From the Holland lab, Human Biology Division

Glioblastoma represents about 15% of brain tumors and resembles cells called astrocytes. Under physiologic conditions, these cells participate in the maintenance of brain homeostasis through different functions such as metabolic support or nervous system repair. In 2016, the World Health Organization defined two major molecular subtypes of glioblastoma: Isocitrate Dehydrogenase (IDH)-wildtype and IDH-mutant. Whereas IDH-wildtype patients have a 15-month median survival, IDH-mutant patients have a better prognosis, with a median survival close to 30 months. Other studies, including one led by Dr. Eric Holland (Human Biology Division), demonstrated that chromosome and gene level copy number variations could even more precisely predict glioma patient survival.

In a recent study published in the Neuro-Oncology journal, Dr. Patrick Cimino and colleagues in the Holland lab, in collaboration with the University of Zurich and Columbia University, “asked whether or not these molecular subtypes are evenly distributed across cohorts [from clinical trials] that select for patients with better outcome”. Clinical trials are inherently biased to select patients with the best performance status to consistently assess the effect of new drugs on patient daily life.

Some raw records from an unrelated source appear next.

(* Let $T>0$, $\gamma\in(0,T]$, $\mathcal{T}=[0,T]$, $\mathcal{D}$ the set of Lebesgue measurable $\delta:\mathcal{T}\to[-1,1]$ with $\int_{\mathcal{T}}|\delta(t)|\,\mathrm{d}t\le\gamma$, $\eta^+,\eta^-\in(0,1]$, and let $y(x^b,x^r,\delta,y_0,t)=y_0+\int_0^t\big(\eta^+[x^b+\delta(s)x^r]^+-\frac{1}{\eta^-}[x^b+\delta(s)x^r]^-\big)\mathrm{d}s$. Let $\bar y^+\ge 0$, $\bar y^-\ge 0$, $\bar y>0$, and $0\le y_0\le\bar y$. Then for every $x^b\in\mathbb{R}$ and $x^r\ge 0$: (i) $[x^b+\delta(t)x^r]^+\le\bar y^+$ for all $\delta\in\mathcal{D}$, $t\in\mathcal{T}$ if and only if $x^b+x^r\le\bar y^+$; (ii) $[x^b+\delta(t)x^r]^-\le\bar y^-$ for all $\delta\in\mathcal{D}$, $t\in\mathcal{T}$ if and only if $x^r-x^b\le\bar y^-$; (iii) $y(x^b,x^r,\delta,y_0,t)\le\bar y$ for all $\delta\in\mathcal{D}$, $t\in\mathcal{T}$ if and only if $y_0+\eta^+\big(\max\{\gamma x^b,Tx^b\}+\gamma x^r\big)\le\bar y$; (iv) $y(x^b,x^r,\delta,y_0,t)\ge 0$ for all $\delta\in\mathcal{D}$, $t\in\mathcal{T}$ if and only if $y_0-\frac{1}{\eta^-}\big(\gamma x^r-\min\{\gamma x^b,Tx^b\}\big)\ge 0$.
   Context: $[a]^+=\max\{a,0\}$, $[a]^-=\max\{-a,0\}$. $x^b$ is the battery's base power, $x^r$ the reserve capacity, $[x^b+\delta(t)x^r]^\pm$ the charging/discharging power, $\bar y^\pm$ the charging/discharging power limits, $\bar y$ the storage capacity, $y_0$ the initial state-of-charge, and $y$ the state-of-charge. *)

theory Defs
  imports "HOL-Analysis.Analysis"
begin

definition pos_part :: "real \<Rightarrow> real" where
  "pos_part a = max a 0"

definition neg_part :: "real \<Rightarrow> real" where
  "neg_part a = max (- a) 0"

definition uset :: "real \<Rightarrow> real \<Rightarrow> (real \<Rightarrow> real) set" where
  "uset T \<gamma> = {\<delta>. \<delta> \<in> borel_measurable (lebesgue_on {0..T})
      \<and> (\<forall>t\<in>{0..T}. -1 \<le> \<delta> t \<and> \<delta> t \<le> 1)
      \<and> (\<integral>t. \<bar>\<delta> t\<bar> \<partial>(lebesgue_on {0..T})) \<le> \<gamma>}"

definition soc :: "real \<Rightarrow> real \<Rightarrow> real \<Rightarrow> real \<Rightarrow> (real \<Rightarrow> real) \<Rightarrow> real \<Rightarrow> real \<Rightarrow> real" where
  "soc \<eta>p \<eta>m xb xr \<delta> y0 t = y0 + (\<integral>s. (\<eta>p * pos_part (xb + \<delta> s * xr)
      - (1 / \<eta>m) * neg_part (xb + \<delta> s * xr)) \<partial>(lebesgue_on {0..t}))"

end

theory Submission
  imports Defs
begin

text \<open>As \<open>\<delta>\<close> runs through \<open>uset T \<gamma>\<close>, the values \<open>\<delta> t\<close> fill exactly \<open>[-1, 1]\<close>, because
  every pulse \<open>c \<cdot> 1[0,\<gamma>]\<close> with \<open>|c| \<le> 1\<close> is admissible; this gives (i) and (ii).
  For (iii), the charging rate \<open>\<eta>p [u]\<^sup>+ - [u]\<^sup>- / \<eta>m\<close> at \<open>u = xb + d xr\<close> is at most
  \<open>a + b |d|\<close> with \<open>a = \<eta>p [xb]\<^sup>+\<close> and \<open>b = \<eta>p ([xb + xr]\<^sup>+ - [xb]\<^sup>+)\<close>, so integrating over
  \<open>[0, t]\<close> with \<open>t \<le> T\<close> and \<open>\<integral> |\<delta>| \<le> \<gamma>\<close> bounds the stored energy by \<open>a T + b \<gamma>\<close>; the
  pulse \<open>1[0,\<gamma>]\<close>, read off at \<open>t = T\<close>, \<open>t = \<gamma>\<close> or \<open>t = 0\<close> according to the signs of \<open>xb\<close>
  and \<open>xb + xr\<close>, attains this bound. Finally (iv) is (iii) for the
  mirrored battery: replacing \<open>u\<close> by \<open>-u\<close> and exchanging \<open>\<eta>p\<close> with \<open>1 / \<eta>m\<close> turns
  discharging into charging.\<close>

lemma integrable_lebesgue_on_interval_bounded:
  fixes f :: "real \<Rightarrow> real"
  assumes "f \<in> borel_measurable (lebesgue_on {a..b})" and "\<And>s. s \<in> {a..b} \<Longrightarrow> \<bar>f s\<bar> \<le> C"
  shows "integrable (lebesgue_on {a..b}) f"
proof -
  interpret finite_measure "lebesgue_on {a..b}"
    by (rule finite_measure_lebesgue_on) auto
  show ?thesis
    by (rule integrable_const_bound[where B = C]) (use assms in \<open>auto intro!: AE_I2\<close>)
qed

lemma integral_lebesgue_on_subset:
  fixes f :: "real \<Rightarrow> real"
  assumes "S \<in> sets lebesgue" "S' \<in> sets lebesgue" "S \<subseteq> S'"
  shows "integral\<^sup>L (lebesgue_on S) f = integral\<^sup>L (lebesgue_on S') (\<lambda>s. indicator S s * f s)"
proof -
  have "integral\<^sup>L (lebesgue_on S) f = integral\<^sup>L lebesgue (\<lambda>s. indicator S s *\<^sub>R f s)"
    using assms by (simp add: integral_restrict_space)
  also have "\<dots> = integral\<^sup>L lebesgue (\<lambda>s. indicator S' s *\<^sub>R (indicator S s * f s))"
    using assms by (intro Bochner_Integration.integral_cong) (auto simp: indicator_def)
  also have "\<dots> = integral\<^sup>L (lebesgue_on S') (\<lambda>s. indicator S s * f s)"
    using assms by (simp add: integral_restrict_space)
  finally show ?thesis .
qed

lemma integral_indicator_lebesgue_on:
  assumes "S \<in> sets lebesgue" "S' \<in> sets lebesgue" "S \<subseteq> S'"
  shows "integral\<^sup>L (lebesgue_on S') (indicator S :: real \<Rightarrow> real) = measure lebesgue S"
  using assms by (simp add: measure_restrict_space Int_absorb2)

lemma uset_integral_le:
  fixes G :: "real \<Rightarrow> real"
  assumes \<delta>: "\<delta> \<in> uset T \<gamma>" and t: "t \<in> {0..T}" and G: "continuous_on UNIV G"
    and "0 \<le> a" "0 \<le> b" and G_le: "\<And>d. d \<in> {-1..1} \<Longrightarrow> G d \<le> a + b * \<bar>d\<bar>"
  shows "(\<integral>s. G (\<delta> s) \<partial>lebesgue_on {0..t}) \<le> a * T + b * \<gamma>"
proof -
  have \<delta>_meas: "\<delta> \<in> borel_measurable (lebesgue_on {0..T})"
    and \<delta>_range: "\<And>s. s \<in> {0..T} \<Longrightarrow> \<delta> s \<in> {-1..1}"
    and \<delta>_budget: "(\<integral>s. \<bar>\<delta> s\<bar> \<partial>lebesgue_on {0..T}) \<le> \<gamma>"
    using \<delta> by (auto simp: uset_def)
  have "bounded (G ` {-1..1})"
    using G by (intro compact_imp_bounded compact_continuous_image) (auto intro: continuous_on_subset)
  then obtain C where C: "\<forall>d\<in>{-1..1}. \<bar>G d\<bar> \<le> C"
    by (auto simp: bounded_real)
  have G_meas: "G \<in> borel_measurable borel"
    using G by (rule borel_measurable_continuous_onI)
  have sets_t: "{0..t} \<in> sets (lebesgue_on {0..T})"
    using t by (auto simp: sets_restrict_space_iff)
  have int_G: "integrable (lebesgue_on {0..T}) (\<lambda>s. indicator {0..t} s * G (\<delta> s))"
  proof (rule integrable_lebesgue_on_interval_bounded)
    show "(\<lambda>s. indicator {0..t} s * G (\<delta> s)) \<in> borel_measurable (lebesgue_on {0..T})"
      using sets_t measurable_compose[OF \<delta>_meas G_meas] by (intro borel_measurable_times) auto
    show "\<bar>indicator {0..t} s * G (\<delta> s)\<bar> \<le> max C 0" if "s \<in> {0..T}" for s
    proof -
      have "\<bar>G (\<delta> s)\<bar> \<le> C"
        using C \<delta>_range[OF that] by blast
      then show ?thesis
        by (auto simp: indicator_def)
    qed
  qed
  have int_ind: "integrable (lebesgue_on {0..T}) (indicator {0..t} :: real \<Rightarrow> real)"
    using sets_t by (intro integrable_lebesgue_on_interval_bounded[where C = 1]) (auto simp: indicator_def)
  have int_abs: "integrable (lebesgue_on {0..T}) (\<lambda>s. \<bar>\<delta> s\<bar>)"
    using \<delta>_meas \<delta>_range by (intro integrable_lebesgue_on_interval_bounded[where C = 1]) (auto simp: abs_le_iff)
  have "(\<integral>s. G (\<delta> s) \<partial>lebesgue_on {0..t}) = (\<integral>s. indicator {0..t} s * G (\<delta> s) \<partial>lebesgue_on {0..T})"
    using t by (intro integral_lebesgue_on_subset) auto
  also have "\<dots> \<le> (\<integral>s. a * indicator {0..t} s + b * \<bar>\<delta> s\<bar> \<partial>lebesgue_on {0..T})"
  proof (rule integral_mono[OF int_G])
    show "integrable (lebesgue_on {0..T}) (\<lambda>s. a * indicator {0..t} s + b * \<bar>\<delta> s\<bar>)"
      using int_ind int_abs by simp
    show "indicator {0..t} s * G (\<delta> s) \<le> a * indicator {0..t} s + b * \<bar>\<delta> s\<bar>"
      if "s \<in> space (lebesgue_on {0..T})" for s
      using that G_le \<delta>_range \<open>0 \<le> b\<close> by (auto simp: indicator_def)
  qed
  also have "\<dots> = a * t + b * (\<integral>s. \<bar>\<delta> s\<bar> \<partial>lebesgue_on {0..T})"
    using int_ind int_abs t integral_indicator_lebesgue_on[of "{0..t}" "{0..T}"] by simp
  also have "\<dots> \<le> a * T + b * \<gamma>"
    using t \<delta>_budget \<open>0 \<le> a\<close> \<open>0 \<le> b\<close> by (intro add_mono mult_left_mono) auto
  finally show ?thesis .
qed

lemma pulse_in_uset:
  assumes "0 \<le> \<gamma>" "\<gamma> \<le> T" "\<bar>c\<bar> \<le> 1"
  shows "(\<lambda>s. c * indicator {0..\<gamma>} s) \<in> uset T \<gamma>"
proof -
  have "{0..\<gamma>} \<in> sets (lebesgue_on {0..T})"
    using assms by (auto simp: sets_restrict_space_iff)
  then have "(\<lambda>s. c * indicator {0..\<gamma>} s) \<in> borel_measurable (lebesgue_on {0..T})"
    by measurable
  moreover have "(\<integral>s. \<bar>c * indicator {0..\<gamma>} s\<bar> \<partial>lebesgue_on {0..T}) = \<bar>c\<bar> * \<gamma>"
    using assms integral_indicator_lebesgue_on[of "{0..\<gamma>}" "{0..T}"]
    by (simp add: abs_mult)
  moreover have "\<bar>c\<bar> * \<gamma> \<le> \<gamma>"
    using assms by (simp add: mult_left_le_one_le)
  ultimately show ?thesis
    using assms unfolding uset_def by (auto simp: indicator_def)
qed

lemma integral_comp_pulse:
  fixes G :: "real \<Rightarrow> real"
  assumes "0 \<le> \<gamma>" "\<gamma> \<le> t"
  shows "(\<integral>s. G (c * indicator {0..\<gamma>} s) \<partial>lebesgue_on {0..t}) = G 0 * t + (G c - G 0) * \<gamma>"
proof -
  interpret finite_measure "lebesgue_on {0..t}"
    by (rule finite_measure_lebesgue_on) auto
  have int_ind: "integrable (lebesgue_on {0..t}) (indicator {0..\<gamma>} :: real \<Rightarrow> real)"
    using assms by (intro integrable_lebesgue_on_interval_bounded[where C = 1])
      (auto simp: indicator_def sets_restrict_space_iff intro: borel_measurable_indicator)
  have "(\<integral>s. G (c * indicator {0..\<gamma>} s) \<partial>lebesgue_on {0..t})
      = (\<integral>s. G 0 + (G c - G 0) * indicator {0..\<gamma>} s \<partial>lebesgue_on {0..t})"
    by (intro Bochner_Integration.integral_cong) (auto simp: indicator_def)
  also have "\<dots> = G 0 * t + (G c - G 0) * \<gamma>"
    using assms int_ind integral_indicator_lebesgue_on[of "{0..\<gamma>}" "{0..t}"]
    by (simp add: measure_restrict_space)
  finally show ?thesis .
qed

lemma uset_pointwise_iff:
  assumes "0 \<le> \<gamma>" "\<gamma> \<le> T"
  shows "(\<forall>\<delta>\<in>uset T \<gamma>. \<forall>t\<in>{0..T}. P (\<delta> t)) \<longleftrightarrow> (\<forall>d\<in>{-1..1}. P d)"
proof
  assume P: "\<forall>\<delta>\<in>uset T \<gamma>. \<forall>t\<in>{0..T}. P (\<delta> t)"
  show "\<forall>d\<in>{-1..1}. P d"
  proof
    fix d :: real
    assume "d \<in> {-1..1}"
    then have "(\<lambda>s. d * indicator {0..\<gamma>} s) \<in> uset T \<gamma>"
      using assms by (intro pulse_in_uset) auto
    from bspec[OF bspec[OF P this], of 0] show "P d"
      using assms by simp
  qed
qed (auto simp: uset_def)

lemma uset_ball_uminus:
  "(\<forall>\<delta>\<in>uset T \<gamma>. P (\<lambda>s. - \<delta> s)) \<longleftrightarrow> (\<forall>\<delta>\<in>uset T \<gamma>. P \<delta>)"
proof -
  have uminus_in: "(\<lambda>s. - \<delta> s) \<in> uset T \<gamma>" if "\<delta> \<in> uset T \<gamma>" for \<delta>
    using that unfolding uset_def by auto
  show ?thesis
  proof
    assume P: "\<forall>\<delta>\<in>uset T \<gamma>. P (\<lambda>s. - \<delta> s)"
    show "\<forall>\<delta>\<in>uset T \<gamma>. P \<delta>"
    proof
      fix \<delta>
      assume "\<delta> \<in> uset T \<gamma>"
      from bspec[OF P uminus_in[OF this]] show "P \<delta>"
        by simp
    qed
  qed (auto intro: uminus_in)
qed

lemma pos_part_affine_le:
  assumes "0 \<le> xr" "\<bar>d\<bar> \<le> 1"
  shows "pos_part (xb + d * xr) \<le> pos_part xb + (pos_part (xb + xr) - pos_part xb) * \<bar>d\<bar>"
proof (cases "0 \<le> xb")
  case True
  have "d * xr \<le> \<bar>d\<bar> * xr"
    using assms by (intro mult_right_mono) auto
  with True assms show ?thesis
    by (auto simp: pos_part_def mult.commute)
next
  case False
  show ?thesis
  proof (cases "0 < d")
    case True
    then have "xb + d * xr \<le> d * (xb + xr)"
      using False assms mult_right_mono_neg[of d 1 xb] by (simp add: algebra_simps)
    also have "\<dots> \<le> pos_part (xb + xr) * \<bar>d\<bar>"
      using True by (simp add: pos_part_def mult.commute mult_left_mono)
    finally show ?thesis
      using False by (simp add: pos_part_def)
  next
    case False
    then have "xb + d * xr \<le> 0"
      using \<open>\<not> 0 \<le> xb\<close> assms by (simp add: mult_nonpos_nonneg add_nonpos_nonpos)
    then show ?thesis
      using \<open>\<not> 0 \<le> xb\<close> by (simp add: pos_part_def)
  qed
qed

Panel A shows the different survival curves of patients belonging to DNA alteration groups W1, W2, or W3. W3 group has the best prognosis whereas W1 has the worst prognosis. Panel B illustrate the skew of copy number subtype distribution towards W3 subtype in two selective clinical trials compared to global unbiased TCGA and GGN datasets.
Panel A shows the different survival curves of patients belonging to DNA alteration groups W1, W2, or W3. Panel B illustrate the skew of copy number subtype distribution towards W3 subtype in two selective clinical trials compared to global unbiased TCGA and GGN datasets. Illustration provided by Dr. Cimino.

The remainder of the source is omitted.